**WORK TASK:** Each entry below should be retyped exactly as given.

= Beginning of Section =

(* For the one-dimensional Model I with parameter $\delta$, the expected number $\mathbb{E}[\tau]$ of consecutive traversals of the first edge satisfies $\mathbb{E}[\tau]\to\infty$ as $\delta\to0^+$, and more precisely $\mathbb{E}[\tau]$ is of order $|\log\delta|$: there exist constants $0<c\le C<\infty$ with $c|\log\delta|\le\mathbb{E}[\tau]\le C|\log\delta|$ for all sufficiently small $\delta>0$.
   Context: Model I on $\mathbb{Z}$ with parameter $\delta>0$: $S_0=0$, $S_1=\pm1$ with probability $1/2$ each. For $n\ge1$ let $e_n=\{S_{n-1},S_n\}$ and $m_n=\max\{k\ge1: e_{n-l+1}=e_n \text{ for all } 1\le l\le k\}$. Conditionally on $\sigma(S_0,\dots,S_n)$, the walk recrosses $e_n$ (i.e. $S_{n+1}=S_{n-1}$) with probability $\frac{1+m_n}{2+m_n}-\delta$ and otherwise crosses the other edge at $S_n$, with probability $\frac{1}{2+m_n}+\delta$. $\tau=\sup\{n\ge1: S_m\in\{0,S_1\}\ \text{for all } m\le n\}$. *)

theory Defs
  imports "HOL-Probability.Probability"
begin

text \<open>Model I on the integers, realised on the canonical probability space of an
i.i.d. sequence of Uniform[0,1] variables: omega 0 decides the sign of S_1, and
omega n (n >= 1) decides whether step n+1 recrosses the current edge e_n
(namely iff omega n < (1+m_n)/(2+m_n) - delta).
The state at time n >= 1 is (S_(n-1), S_n, m_n).\<close>

fun modelI_state :: "real \<Rightarrow> (nat \<Rightarrow> real) \<Rightarrow> nat \<Rightarrow> int \<times> int \<times> nat" where
  "modelI_state \<delta> \<omega> 0 = (0, 0, 0)"
| "modelI_state \<delta> \<omega> (Suc 0) = (0, (if \<omega> 0 < 1/2 then 1 else -1), 1)"
| "modelI_state \<delta> \<omega> (Suc (Suc n)) =
     (case modelI_state \<delta> \<omega> (Suc n) of (p, c, m) \<Rightarrow>
        if \<omega> (Suc n) < (1 + real m) / (2 + real m) - \<delta>
        then (c, p, Suc m)
        else (c, 2 * c - p, 1))"
definition od_map :: "('a set \<Rightarrow> nat) \<Rightarrow> ('a \<Rightarrow> real) \<times> real \<Rightarrow> nat \<Rightarrow> real \<times> real" where
  "od_map c z = (\<lambda>j. if j \<le> n
      then od_sum c (\<lambda>F. snd z * layer Vert (fst z) 0 F) (layers_of_card j) else 0)"

lemma compact_params: "compact params"
  unfolding params_def using finite_K compact_bary by (intro compact_Times compact_UN) auto

lemma continuous_cone_map: "continuous_on params cone_map"
proof -
  have "continuous_on params (\<lambda>z. fst z v)" for v
    using continuous_on_compose[OF continuous_on_fst[OF continuous_on_id] continuous_on_coordinate]
    by (simp add: o_def)
  then show ?thesis unfolding cone_map_def bary_point_def by (intro continuous_intros)
qed

lemma layers_of_card_props:
  assumes "F \<in> layers_of_card j"
  shows "F \<subseteq> Vert" "finite F" "F \<noteq> {}" "card F = Suc j"
  using assms finite_Vert finite_subset unfolding layers_of_card_def by auto

lemma finite_layers_of_card: "finite (layers_of_card j)"
  unfolding layers_of_card_def using finite_Vert by (auto intro: finite_subset[of _ "Pow Vert"])

lemma continuous_od_map: "continuous_on params (od_map c)"
proof (rule continuous_on_coordinatewise_then_product)
  fix j
  have "continuous_on params (\<lambda>z. layer Vert (fst z) 0 F)" if "F \<in> layers_of_card j" for F
    using continuous_on_compose[OF continuous_on_fst[OF continuous_on_id]
        continuous_on_layer[OF finite_Vert layers_of_card_props(2,3)[OF that]]]
    by (simp add: o_def)
  then have "continuous_on params (\<lambda>z. od_sum c (\<lambda>F. snd z * layer Vert (fst z) 0 F) (layers_of_card j))"
    unfolding od_sum_def by (intro continuous_intros) auto
  then show "continuous_on params (\<lambda>z. od_map c z j)"
    unfolding od_map_def by (cases "j \<le> n") auto
qed

lemma cone_map_image: "cone_map ` params = cone_over (\<Union>K)"
proof -
  have image: "bary_point ` (\<Union>S\<in>K. bary S) = \<Union>K" using bary_point_image by (auto simp: image_UN)
  show ?thesis
    unfolding cone_map_def params_def cone_over_def image[symmetric] by force
qed

lemma scaled_layers_one_positive:
  assumes "0 \<le> t"
  shows "at_most_one_positive (\<lambda>F. t * layer Vert u 0 F) (layers_of_card j)"
  unfolding at_most_one_positive_def
proof (intro ballI impI)
  fix F G assume F: "F \<in> layers_of_card j" and G: "G \<in> layers_of_card j"
    and pos: "0 < t * layer Vert u 0 F" "0 < t * layer Vert u 0 G"
  then have "0 < layer Vert u 0 F" "0 < layer Vert u 0 G"
    using assms by (auto simp: zero_less_mult_iff)
  then show "F = G"
    using layer_unique[OF finite_Vert] layers_of_card_props(1,4)[OF F] layers_of_card_props(1,4)[OF G]
    by metis
qed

= End of Section =

**SOLUTION:**
(* For the one-dimensional Model I with parameter $\delta$, the expected number $\mathbb{E}[\tau]$ of consecutive traversals of the first edge satisfies $\mathbb{E}[\tau]\to\infty$ as $\delta\to0^+$, and more precisely $\mathbb{E}[\tau]$ is of order $|\log\delta|$: there exist constants $0<c\le C<\infty$ with $c|\log\delta|\le\mathbb{E}[\tau]\le C|\log\delta|$ for all sufficiently small $\delta>0$.
   Context: Model I on $\mathbb{Z}$ with parameter $\delta>0$: $S_0=0$, $S_1=\pm1$ with probability $1/2$ each. For $n\ge1$ let $e_n=\{S_{n-1},S_n\}$ and $m_n=\max\{k\ge1: e_{n-l+1}=e_n \text{ for all } 1\le l\le k\}$. Conditionally on $\sigma(S_0,\dots,S_n)$, the walk recrosses $e_n$ (i.e. $S_{n+1}=S_{n-1}$) with probability $\frac{1+m_n}{2+m_n}-\delta$ and otherwise crosses the other edge at $S_n$, with probability $\frac{1}{2+m_n}+\delta$. $\tau=\sup\{n\ge1: S_m\in\{0,S_1\}\ \text{for all } m\le n\}$. *)

theory Defs
  imports "HOL-Probability.Probability"
begin

text \<open>Model I on the integers, realised on the canonical probability space of an
i.i.d. sequence of Uniform[0,1] variables: omega 0 decides the sign of S_1, and
omega n (n >= 1) decides whether step n+1 recrosses the current edge e_n
(namely iff omega n < (1+m_n)/(2+m_n) - delta).
The state at time n >= 1 is (S_(n-1), S_n, m_n).\<close>

fun modelI_state :: "real \<Rightarrow> (nat \<Rightarrow> real) \<Rightarrow> nat \<Rightarrow> int \<times> int \<times> nat" where
  "modelI_state \<delta> \<omega> 0 = (0, 0, 0)"
| "modelI_state \<delta> \<omega> (Suc 0) = (0, (if \<omega> 0 < 1/2 then 1 else -1), 1)"
| "modelI_state \<delta> \<omega> (Suc (Suc n)) =
     (case modelI_state \<delta> \<omega> (Suc n) of (p, c, m) \<Rightarrow>
        if \<omega> (Suc n) < (1 + real m) / (2 + real m) - \<delta>
        then (c, p, Suc m)
        else (c, 2 * c - p, 1))"
definition od_map :: "('a set \<Rightarrow> nat) \<Rightarrow> ('a \<Rightarrow> real) \<times> real \<Rightarrow> nat \<Rightarrow> real \<times> real" where
  "od_map c z = (\<lambda>j. if j \<le> n
      then od_sum c (\<lambda>F. snd z * layer Vert (fst z) 0 F) (layers_of_card j) else 0)"

lemma compact_params: "compact params"
  unfolding params_def using finite_K compact_bary by (intro compact_Times compact_UN) auto

lemma continuous_cone_map: "continuous_on params cone_map"
proof -
  have "continuous_on params (\<lambda>z. fst z v)" for v
    using continuous_on_compose[OF continuous_on_fst[OF continuous_on_id] continuous_on_coordinate]
    by (simp add: o_def)
  then show ?thesis unfolding cone_map_def bary_point_def by (intro continuous_intros)
qed

lemma layers_of_card_props:
  assumes "F \<in> layers_of_card j"
  shows "F \<subseteq> Vert" "finite F" "F \<noteq> {}" "card F = Suc j"
  using assms finite_Vert finite_subset unfolding layers_of_card_def by auto

lemma finite_layers_of_card: "finite (layers_of_card j)"
  unfolding layers_of_card_def using finite_Vert by (auto intro: finite_subset[of _ "Pow Vert"])

lemma continuous_od_map: "continuous_on params (od_map c)"
proof (rule continuous_on_coordinatewise_then_product)
  fix j
  have "continuous_on params (\<lambda>z. layer Vert (fst z) 0 F)" if "F \<in> layers_of_card j" for F
    using continuous_on_compose[OF continuous_on_fst[OF continuous_on_id]
        continuous_on_layer[OF finite_Vert layers_of_card_props(2,3)[OF that]]]
    by (simp add: o_def)
  then have "continuous_on params (\<lambda>z. od_sum c (\<lambda>F. snd z * layer Vert (fst z) 0 F) (layers_of_card j))"
    unfolding od_sum_def by (intro continuous_intros) auto
  then show "continuous_on params (\<lambda>z. od_map c z j)"
    unfolding od_map_def by (cases "j \<le> n") auto
qed

lemma cone_map_image: "cone_map ` params = cone_over (\<Union>K)"
proof -
  have image: "bary_point ` (\<Union>S\<in>K. bary S) = \<Union>K" using bary_point_image by (auto simp: image_UN)
  show ?thesis
    unfolding cone_map_def params_def cone_over_def image[symmetric] by force
qed

lemma scaled_layers_one_positive:
  assumes "0 \<le> t"
  shows "at_most_one_positive (\<lambda>F. t * layer Vert u 0 F) (layers_of_card j)"
  unfolding at_most_one_positive_def
proof (intro ballI impI)
  fix F G assume F: "F \<in> layers_of_card j" and G: "G \<in> layers_of_card j"
    and pos: "0 < t * layer Vert u 0 F" "0 < t * layer Vert u 0 G"
  then have "0 < layer Vert u 0 F" "0 < layer Vert u 0 G"
    using assms by (auto simp: zero_less_mult_iff)
  then show "F = G"
    using layer_unique[OF finite_Vert] layers_of_card_props(1,4)[OF F] layers_of_card_props(1,4)[OF G]
    by metis
qed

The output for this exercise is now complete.